- _Material shown_
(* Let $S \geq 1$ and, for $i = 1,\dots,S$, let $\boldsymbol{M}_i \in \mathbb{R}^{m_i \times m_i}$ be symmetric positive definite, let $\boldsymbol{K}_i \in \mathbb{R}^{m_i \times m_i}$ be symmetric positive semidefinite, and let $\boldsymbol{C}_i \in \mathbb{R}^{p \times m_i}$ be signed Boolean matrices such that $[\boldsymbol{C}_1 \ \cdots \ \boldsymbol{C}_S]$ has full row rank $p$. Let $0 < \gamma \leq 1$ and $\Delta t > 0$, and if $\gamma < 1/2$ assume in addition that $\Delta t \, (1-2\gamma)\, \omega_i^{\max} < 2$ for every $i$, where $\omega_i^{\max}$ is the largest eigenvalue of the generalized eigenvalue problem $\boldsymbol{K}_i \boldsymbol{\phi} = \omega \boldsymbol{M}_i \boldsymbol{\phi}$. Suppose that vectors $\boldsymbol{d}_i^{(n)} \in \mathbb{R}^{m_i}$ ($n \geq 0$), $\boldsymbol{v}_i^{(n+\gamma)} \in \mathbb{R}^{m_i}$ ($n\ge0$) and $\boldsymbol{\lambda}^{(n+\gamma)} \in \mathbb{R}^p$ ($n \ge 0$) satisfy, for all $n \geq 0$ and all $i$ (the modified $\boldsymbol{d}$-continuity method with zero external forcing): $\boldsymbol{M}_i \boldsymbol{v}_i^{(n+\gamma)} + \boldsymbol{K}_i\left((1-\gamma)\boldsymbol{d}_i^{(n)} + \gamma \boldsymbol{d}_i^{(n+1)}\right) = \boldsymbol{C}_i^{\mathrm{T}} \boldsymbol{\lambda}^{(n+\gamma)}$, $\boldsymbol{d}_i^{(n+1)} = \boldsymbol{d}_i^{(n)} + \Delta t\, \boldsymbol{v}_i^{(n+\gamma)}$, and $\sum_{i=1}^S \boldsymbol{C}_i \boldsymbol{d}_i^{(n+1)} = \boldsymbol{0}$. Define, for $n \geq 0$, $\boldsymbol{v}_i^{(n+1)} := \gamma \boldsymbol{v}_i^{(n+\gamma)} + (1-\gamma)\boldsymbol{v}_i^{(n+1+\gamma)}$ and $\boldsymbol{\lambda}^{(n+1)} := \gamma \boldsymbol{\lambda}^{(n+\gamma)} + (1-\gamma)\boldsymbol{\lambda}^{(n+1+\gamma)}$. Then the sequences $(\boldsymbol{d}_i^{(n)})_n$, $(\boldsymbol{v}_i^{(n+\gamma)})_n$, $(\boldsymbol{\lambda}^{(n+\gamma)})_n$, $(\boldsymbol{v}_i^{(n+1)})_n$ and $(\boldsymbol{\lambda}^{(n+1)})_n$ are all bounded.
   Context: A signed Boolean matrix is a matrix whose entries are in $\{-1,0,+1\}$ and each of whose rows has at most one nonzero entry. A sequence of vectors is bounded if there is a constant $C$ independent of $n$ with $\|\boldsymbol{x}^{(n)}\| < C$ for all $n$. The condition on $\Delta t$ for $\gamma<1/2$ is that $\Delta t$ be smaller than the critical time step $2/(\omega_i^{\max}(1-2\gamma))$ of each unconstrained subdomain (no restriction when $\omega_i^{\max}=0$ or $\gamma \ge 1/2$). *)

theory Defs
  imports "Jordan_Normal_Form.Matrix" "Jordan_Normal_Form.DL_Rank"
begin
---
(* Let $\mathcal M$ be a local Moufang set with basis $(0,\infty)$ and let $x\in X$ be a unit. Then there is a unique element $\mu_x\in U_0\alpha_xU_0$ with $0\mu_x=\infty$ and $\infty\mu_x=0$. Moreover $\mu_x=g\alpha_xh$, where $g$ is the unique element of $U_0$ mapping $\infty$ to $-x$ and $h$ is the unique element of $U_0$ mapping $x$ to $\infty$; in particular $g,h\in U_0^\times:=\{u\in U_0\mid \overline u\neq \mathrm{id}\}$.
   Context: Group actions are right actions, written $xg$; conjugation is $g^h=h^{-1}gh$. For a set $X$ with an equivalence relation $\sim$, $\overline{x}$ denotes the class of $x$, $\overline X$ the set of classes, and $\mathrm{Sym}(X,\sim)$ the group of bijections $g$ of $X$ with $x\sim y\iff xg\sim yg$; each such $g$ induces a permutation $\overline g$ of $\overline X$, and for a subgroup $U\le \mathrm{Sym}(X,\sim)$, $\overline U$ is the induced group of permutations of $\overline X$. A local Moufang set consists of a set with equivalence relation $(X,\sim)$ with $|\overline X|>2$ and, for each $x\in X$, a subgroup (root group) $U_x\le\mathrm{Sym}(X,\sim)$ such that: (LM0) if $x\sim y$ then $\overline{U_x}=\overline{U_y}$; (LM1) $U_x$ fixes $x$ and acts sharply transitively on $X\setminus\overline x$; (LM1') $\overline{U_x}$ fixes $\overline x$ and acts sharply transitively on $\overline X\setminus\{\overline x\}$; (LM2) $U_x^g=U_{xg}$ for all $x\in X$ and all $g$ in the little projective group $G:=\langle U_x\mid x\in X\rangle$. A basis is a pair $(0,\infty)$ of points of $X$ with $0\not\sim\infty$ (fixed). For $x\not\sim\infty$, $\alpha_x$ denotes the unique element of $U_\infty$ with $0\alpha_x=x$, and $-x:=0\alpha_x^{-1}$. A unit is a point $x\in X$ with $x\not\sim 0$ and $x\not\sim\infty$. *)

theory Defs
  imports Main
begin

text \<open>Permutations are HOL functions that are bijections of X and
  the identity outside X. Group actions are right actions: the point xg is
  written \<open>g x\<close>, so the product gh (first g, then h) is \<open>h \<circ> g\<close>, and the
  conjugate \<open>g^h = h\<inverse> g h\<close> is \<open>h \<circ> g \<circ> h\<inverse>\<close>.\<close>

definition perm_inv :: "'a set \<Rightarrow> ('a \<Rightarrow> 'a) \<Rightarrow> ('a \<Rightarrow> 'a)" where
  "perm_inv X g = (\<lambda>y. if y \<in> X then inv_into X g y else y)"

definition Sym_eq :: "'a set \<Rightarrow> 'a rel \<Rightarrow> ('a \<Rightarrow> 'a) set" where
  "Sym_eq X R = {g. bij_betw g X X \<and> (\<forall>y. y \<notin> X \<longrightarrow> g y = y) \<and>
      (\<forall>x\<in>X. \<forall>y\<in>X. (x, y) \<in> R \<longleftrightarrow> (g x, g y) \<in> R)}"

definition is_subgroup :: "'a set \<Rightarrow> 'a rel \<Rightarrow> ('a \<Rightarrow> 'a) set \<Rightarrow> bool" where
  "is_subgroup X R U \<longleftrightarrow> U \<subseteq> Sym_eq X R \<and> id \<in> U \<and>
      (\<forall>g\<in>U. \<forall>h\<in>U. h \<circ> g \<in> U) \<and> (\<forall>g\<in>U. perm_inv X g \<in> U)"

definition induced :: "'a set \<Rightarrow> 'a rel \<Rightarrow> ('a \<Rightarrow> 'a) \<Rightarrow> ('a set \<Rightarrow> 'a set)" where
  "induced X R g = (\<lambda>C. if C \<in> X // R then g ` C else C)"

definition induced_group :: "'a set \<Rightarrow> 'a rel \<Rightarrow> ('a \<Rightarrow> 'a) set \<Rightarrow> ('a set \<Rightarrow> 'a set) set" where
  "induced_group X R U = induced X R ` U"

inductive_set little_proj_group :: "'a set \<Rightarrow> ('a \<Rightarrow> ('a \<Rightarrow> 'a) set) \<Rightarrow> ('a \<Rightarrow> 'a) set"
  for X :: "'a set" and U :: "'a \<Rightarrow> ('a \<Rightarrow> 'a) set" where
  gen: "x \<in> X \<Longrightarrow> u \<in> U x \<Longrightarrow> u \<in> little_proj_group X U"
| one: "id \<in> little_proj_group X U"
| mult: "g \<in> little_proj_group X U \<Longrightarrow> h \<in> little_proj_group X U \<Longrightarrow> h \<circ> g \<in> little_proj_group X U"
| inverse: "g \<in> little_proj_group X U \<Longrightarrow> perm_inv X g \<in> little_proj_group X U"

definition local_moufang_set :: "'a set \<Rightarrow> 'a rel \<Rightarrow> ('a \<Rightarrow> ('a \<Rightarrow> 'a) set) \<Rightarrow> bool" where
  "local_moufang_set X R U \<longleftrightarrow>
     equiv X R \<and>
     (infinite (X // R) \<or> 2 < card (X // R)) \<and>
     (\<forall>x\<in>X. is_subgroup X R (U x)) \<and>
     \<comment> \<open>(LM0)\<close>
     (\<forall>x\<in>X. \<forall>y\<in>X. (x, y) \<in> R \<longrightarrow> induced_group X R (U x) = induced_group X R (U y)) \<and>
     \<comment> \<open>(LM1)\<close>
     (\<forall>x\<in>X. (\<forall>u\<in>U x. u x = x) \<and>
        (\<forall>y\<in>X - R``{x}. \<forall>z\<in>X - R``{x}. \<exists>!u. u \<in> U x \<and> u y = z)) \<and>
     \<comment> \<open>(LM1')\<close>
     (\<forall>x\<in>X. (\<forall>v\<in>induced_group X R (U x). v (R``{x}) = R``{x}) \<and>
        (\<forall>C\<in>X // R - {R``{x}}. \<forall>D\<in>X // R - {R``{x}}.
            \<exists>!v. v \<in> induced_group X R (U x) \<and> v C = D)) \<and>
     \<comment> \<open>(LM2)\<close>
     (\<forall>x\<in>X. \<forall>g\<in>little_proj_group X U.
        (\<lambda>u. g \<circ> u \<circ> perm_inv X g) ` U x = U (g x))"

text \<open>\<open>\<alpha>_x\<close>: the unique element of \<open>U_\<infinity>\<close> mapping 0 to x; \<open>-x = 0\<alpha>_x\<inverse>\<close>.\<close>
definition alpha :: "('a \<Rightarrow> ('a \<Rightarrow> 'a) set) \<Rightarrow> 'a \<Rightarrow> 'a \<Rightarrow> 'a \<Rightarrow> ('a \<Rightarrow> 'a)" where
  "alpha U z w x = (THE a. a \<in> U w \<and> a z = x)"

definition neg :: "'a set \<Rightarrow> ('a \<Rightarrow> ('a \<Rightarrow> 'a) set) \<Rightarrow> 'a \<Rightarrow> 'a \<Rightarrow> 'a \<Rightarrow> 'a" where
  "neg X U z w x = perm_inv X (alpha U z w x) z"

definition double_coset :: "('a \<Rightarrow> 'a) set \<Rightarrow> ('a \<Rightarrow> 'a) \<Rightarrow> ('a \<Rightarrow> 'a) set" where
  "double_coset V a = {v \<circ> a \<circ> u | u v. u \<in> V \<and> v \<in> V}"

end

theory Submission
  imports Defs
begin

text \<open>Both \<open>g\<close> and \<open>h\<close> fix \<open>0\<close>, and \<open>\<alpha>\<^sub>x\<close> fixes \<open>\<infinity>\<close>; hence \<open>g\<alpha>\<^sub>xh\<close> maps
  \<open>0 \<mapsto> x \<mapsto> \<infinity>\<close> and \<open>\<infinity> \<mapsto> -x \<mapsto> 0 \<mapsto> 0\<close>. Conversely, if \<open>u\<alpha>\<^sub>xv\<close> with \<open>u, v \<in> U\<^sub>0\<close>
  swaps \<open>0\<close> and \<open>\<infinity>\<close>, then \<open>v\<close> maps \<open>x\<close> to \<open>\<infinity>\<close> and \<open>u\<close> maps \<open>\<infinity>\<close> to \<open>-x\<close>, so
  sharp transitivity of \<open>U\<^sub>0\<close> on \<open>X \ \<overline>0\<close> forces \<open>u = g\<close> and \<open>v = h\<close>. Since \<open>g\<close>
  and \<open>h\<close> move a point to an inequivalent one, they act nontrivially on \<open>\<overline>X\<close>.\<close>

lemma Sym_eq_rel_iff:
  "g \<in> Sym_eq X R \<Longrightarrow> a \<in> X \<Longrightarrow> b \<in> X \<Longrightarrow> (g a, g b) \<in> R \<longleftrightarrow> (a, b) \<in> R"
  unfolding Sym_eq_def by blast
...
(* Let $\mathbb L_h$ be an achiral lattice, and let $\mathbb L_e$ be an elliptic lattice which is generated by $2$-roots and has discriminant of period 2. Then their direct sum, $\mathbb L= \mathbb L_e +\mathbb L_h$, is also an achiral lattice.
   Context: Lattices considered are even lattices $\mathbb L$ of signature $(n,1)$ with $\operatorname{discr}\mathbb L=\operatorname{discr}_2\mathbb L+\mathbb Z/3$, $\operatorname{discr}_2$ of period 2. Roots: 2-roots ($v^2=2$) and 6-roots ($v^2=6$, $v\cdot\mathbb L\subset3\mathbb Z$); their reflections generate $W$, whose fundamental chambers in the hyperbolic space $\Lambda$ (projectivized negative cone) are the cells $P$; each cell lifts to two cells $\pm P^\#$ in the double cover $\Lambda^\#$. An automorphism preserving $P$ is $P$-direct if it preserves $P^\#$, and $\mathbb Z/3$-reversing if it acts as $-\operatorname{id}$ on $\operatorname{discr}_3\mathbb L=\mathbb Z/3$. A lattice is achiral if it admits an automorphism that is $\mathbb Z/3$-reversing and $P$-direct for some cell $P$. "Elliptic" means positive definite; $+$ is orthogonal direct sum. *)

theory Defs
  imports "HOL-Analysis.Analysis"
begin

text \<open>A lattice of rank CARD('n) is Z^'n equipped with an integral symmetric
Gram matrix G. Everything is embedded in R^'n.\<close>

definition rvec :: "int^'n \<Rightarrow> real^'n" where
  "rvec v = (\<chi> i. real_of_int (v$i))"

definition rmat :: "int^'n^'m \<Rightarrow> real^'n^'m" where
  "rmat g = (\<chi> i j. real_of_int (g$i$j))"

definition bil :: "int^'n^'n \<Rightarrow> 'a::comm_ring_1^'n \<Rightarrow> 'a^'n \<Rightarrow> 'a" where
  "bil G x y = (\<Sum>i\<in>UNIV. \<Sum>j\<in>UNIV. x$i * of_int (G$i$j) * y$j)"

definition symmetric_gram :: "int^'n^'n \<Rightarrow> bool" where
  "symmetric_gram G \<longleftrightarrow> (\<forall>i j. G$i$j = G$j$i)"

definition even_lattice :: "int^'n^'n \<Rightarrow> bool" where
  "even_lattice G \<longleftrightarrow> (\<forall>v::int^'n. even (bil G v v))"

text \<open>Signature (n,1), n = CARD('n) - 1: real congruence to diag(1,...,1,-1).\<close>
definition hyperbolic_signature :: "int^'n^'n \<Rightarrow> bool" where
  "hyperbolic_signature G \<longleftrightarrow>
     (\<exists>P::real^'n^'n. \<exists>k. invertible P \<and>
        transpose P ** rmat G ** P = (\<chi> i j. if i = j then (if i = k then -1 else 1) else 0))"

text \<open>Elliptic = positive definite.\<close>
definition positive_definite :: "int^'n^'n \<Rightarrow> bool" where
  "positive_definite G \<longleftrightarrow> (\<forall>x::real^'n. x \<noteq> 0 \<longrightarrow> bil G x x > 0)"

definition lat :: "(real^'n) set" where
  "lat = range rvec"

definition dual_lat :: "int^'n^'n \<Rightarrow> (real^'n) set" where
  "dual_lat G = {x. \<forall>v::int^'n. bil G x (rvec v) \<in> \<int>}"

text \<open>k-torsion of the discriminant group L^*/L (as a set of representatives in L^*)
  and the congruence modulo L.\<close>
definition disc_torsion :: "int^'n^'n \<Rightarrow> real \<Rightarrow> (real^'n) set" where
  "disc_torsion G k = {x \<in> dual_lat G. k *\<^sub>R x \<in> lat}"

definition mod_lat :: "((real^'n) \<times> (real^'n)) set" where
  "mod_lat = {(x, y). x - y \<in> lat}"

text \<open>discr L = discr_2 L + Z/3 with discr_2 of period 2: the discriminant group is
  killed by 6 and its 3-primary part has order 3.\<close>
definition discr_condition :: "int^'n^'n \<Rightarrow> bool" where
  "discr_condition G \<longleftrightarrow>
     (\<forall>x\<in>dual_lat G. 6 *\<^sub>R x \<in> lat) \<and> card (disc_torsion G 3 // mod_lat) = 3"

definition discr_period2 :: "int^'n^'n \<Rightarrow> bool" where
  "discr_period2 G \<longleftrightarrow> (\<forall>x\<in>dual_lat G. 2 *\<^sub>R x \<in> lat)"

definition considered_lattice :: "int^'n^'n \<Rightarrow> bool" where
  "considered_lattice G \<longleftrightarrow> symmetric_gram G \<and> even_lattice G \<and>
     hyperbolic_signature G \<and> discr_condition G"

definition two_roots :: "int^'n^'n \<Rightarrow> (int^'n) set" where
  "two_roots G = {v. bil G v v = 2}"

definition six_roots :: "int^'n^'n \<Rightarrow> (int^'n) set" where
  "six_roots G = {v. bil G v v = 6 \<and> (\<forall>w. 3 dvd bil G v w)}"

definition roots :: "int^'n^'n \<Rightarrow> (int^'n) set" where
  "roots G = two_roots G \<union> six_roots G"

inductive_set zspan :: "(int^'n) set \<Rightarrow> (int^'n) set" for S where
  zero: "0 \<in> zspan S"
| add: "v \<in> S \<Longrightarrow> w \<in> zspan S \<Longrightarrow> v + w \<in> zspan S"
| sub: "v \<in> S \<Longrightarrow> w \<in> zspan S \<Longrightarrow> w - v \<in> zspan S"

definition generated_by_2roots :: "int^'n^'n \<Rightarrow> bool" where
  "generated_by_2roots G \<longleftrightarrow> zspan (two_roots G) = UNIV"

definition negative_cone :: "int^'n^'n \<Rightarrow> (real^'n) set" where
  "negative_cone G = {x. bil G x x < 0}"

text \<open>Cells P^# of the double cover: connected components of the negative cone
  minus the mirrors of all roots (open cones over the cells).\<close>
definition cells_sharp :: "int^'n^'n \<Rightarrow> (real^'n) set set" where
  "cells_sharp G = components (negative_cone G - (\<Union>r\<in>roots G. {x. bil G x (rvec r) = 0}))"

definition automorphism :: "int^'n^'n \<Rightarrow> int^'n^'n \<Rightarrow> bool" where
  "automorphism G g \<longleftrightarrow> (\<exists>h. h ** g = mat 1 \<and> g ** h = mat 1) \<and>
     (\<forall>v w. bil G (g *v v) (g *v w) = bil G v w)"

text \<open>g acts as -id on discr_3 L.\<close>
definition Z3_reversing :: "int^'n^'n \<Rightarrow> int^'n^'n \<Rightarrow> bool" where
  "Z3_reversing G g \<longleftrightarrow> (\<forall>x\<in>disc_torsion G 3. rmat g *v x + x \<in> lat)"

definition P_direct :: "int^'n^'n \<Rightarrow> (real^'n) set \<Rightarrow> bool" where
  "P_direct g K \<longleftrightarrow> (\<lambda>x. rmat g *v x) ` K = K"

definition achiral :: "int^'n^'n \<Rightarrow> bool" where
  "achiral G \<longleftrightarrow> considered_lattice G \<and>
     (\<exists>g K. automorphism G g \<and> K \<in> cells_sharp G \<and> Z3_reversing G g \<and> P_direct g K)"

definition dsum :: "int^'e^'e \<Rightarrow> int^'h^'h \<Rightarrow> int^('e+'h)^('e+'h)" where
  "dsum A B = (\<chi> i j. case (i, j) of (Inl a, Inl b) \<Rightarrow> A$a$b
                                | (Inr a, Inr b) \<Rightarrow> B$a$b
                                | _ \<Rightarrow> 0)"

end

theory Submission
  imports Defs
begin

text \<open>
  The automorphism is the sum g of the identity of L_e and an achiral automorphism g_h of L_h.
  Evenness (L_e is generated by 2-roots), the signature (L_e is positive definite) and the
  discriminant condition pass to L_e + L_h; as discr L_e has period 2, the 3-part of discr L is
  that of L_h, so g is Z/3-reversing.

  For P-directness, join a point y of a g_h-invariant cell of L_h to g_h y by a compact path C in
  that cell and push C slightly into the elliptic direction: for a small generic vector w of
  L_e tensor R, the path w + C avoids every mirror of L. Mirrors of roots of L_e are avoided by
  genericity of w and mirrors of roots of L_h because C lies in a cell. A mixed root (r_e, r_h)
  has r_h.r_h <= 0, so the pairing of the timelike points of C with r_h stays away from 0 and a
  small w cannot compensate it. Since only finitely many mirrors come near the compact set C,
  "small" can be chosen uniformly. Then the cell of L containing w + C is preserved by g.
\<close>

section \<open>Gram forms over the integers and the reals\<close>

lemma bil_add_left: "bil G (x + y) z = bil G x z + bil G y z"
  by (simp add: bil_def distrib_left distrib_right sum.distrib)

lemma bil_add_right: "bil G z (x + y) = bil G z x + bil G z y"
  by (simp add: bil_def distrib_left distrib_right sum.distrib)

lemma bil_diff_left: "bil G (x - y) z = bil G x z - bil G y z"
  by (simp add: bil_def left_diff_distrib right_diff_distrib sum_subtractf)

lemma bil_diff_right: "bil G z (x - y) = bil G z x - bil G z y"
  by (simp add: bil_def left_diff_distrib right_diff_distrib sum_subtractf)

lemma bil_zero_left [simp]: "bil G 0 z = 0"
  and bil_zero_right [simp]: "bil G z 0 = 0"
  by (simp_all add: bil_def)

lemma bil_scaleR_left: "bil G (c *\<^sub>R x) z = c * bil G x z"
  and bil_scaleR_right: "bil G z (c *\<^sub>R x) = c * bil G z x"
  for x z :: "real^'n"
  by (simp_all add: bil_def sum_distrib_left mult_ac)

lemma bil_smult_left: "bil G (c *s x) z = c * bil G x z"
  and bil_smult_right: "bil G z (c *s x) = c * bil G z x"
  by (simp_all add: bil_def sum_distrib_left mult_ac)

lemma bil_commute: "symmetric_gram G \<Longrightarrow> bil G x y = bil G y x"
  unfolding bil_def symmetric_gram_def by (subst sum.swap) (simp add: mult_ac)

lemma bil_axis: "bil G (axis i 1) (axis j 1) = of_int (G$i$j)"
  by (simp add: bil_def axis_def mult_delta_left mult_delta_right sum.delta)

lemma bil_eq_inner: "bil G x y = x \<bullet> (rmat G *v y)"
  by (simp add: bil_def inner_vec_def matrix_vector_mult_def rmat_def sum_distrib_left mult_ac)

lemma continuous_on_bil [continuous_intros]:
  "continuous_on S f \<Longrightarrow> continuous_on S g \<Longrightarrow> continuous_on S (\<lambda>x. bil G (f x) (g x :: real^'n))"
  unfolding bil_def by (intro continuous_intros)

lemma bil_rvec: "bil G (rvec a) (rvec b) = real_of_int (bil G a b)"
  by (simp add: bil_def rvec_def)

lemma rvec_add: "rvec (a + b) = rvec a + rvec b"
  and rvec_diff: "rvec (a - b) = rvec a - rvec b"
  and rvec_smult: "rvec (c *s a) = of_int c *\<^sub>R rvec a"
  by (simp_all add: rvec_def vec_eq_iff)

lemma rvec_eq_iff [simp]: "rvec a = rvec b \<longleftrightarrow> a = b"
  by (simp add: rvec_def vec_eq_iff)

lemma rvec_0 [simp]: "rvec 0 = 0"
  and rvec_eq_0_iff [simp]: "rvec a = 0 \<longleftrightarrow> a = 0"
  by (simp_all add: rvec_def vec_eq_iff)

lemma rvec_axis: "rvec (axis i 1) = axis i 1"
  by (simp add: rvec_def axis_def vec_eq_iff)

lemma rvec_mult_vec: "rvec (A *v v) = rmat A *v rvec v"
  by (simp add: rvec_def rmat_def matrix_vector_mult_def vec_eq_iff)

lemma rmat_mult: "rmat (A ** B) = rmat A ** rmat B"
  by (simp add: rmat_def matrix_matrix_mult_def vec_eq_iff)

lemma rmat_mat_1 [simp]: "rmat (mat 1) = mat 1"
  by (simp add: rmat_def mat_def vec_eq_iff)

- _Description of the task_
Across all the records above, how many lines hold the word "automorphism"? Answer with only that number.

- _Reply to the exercise_
5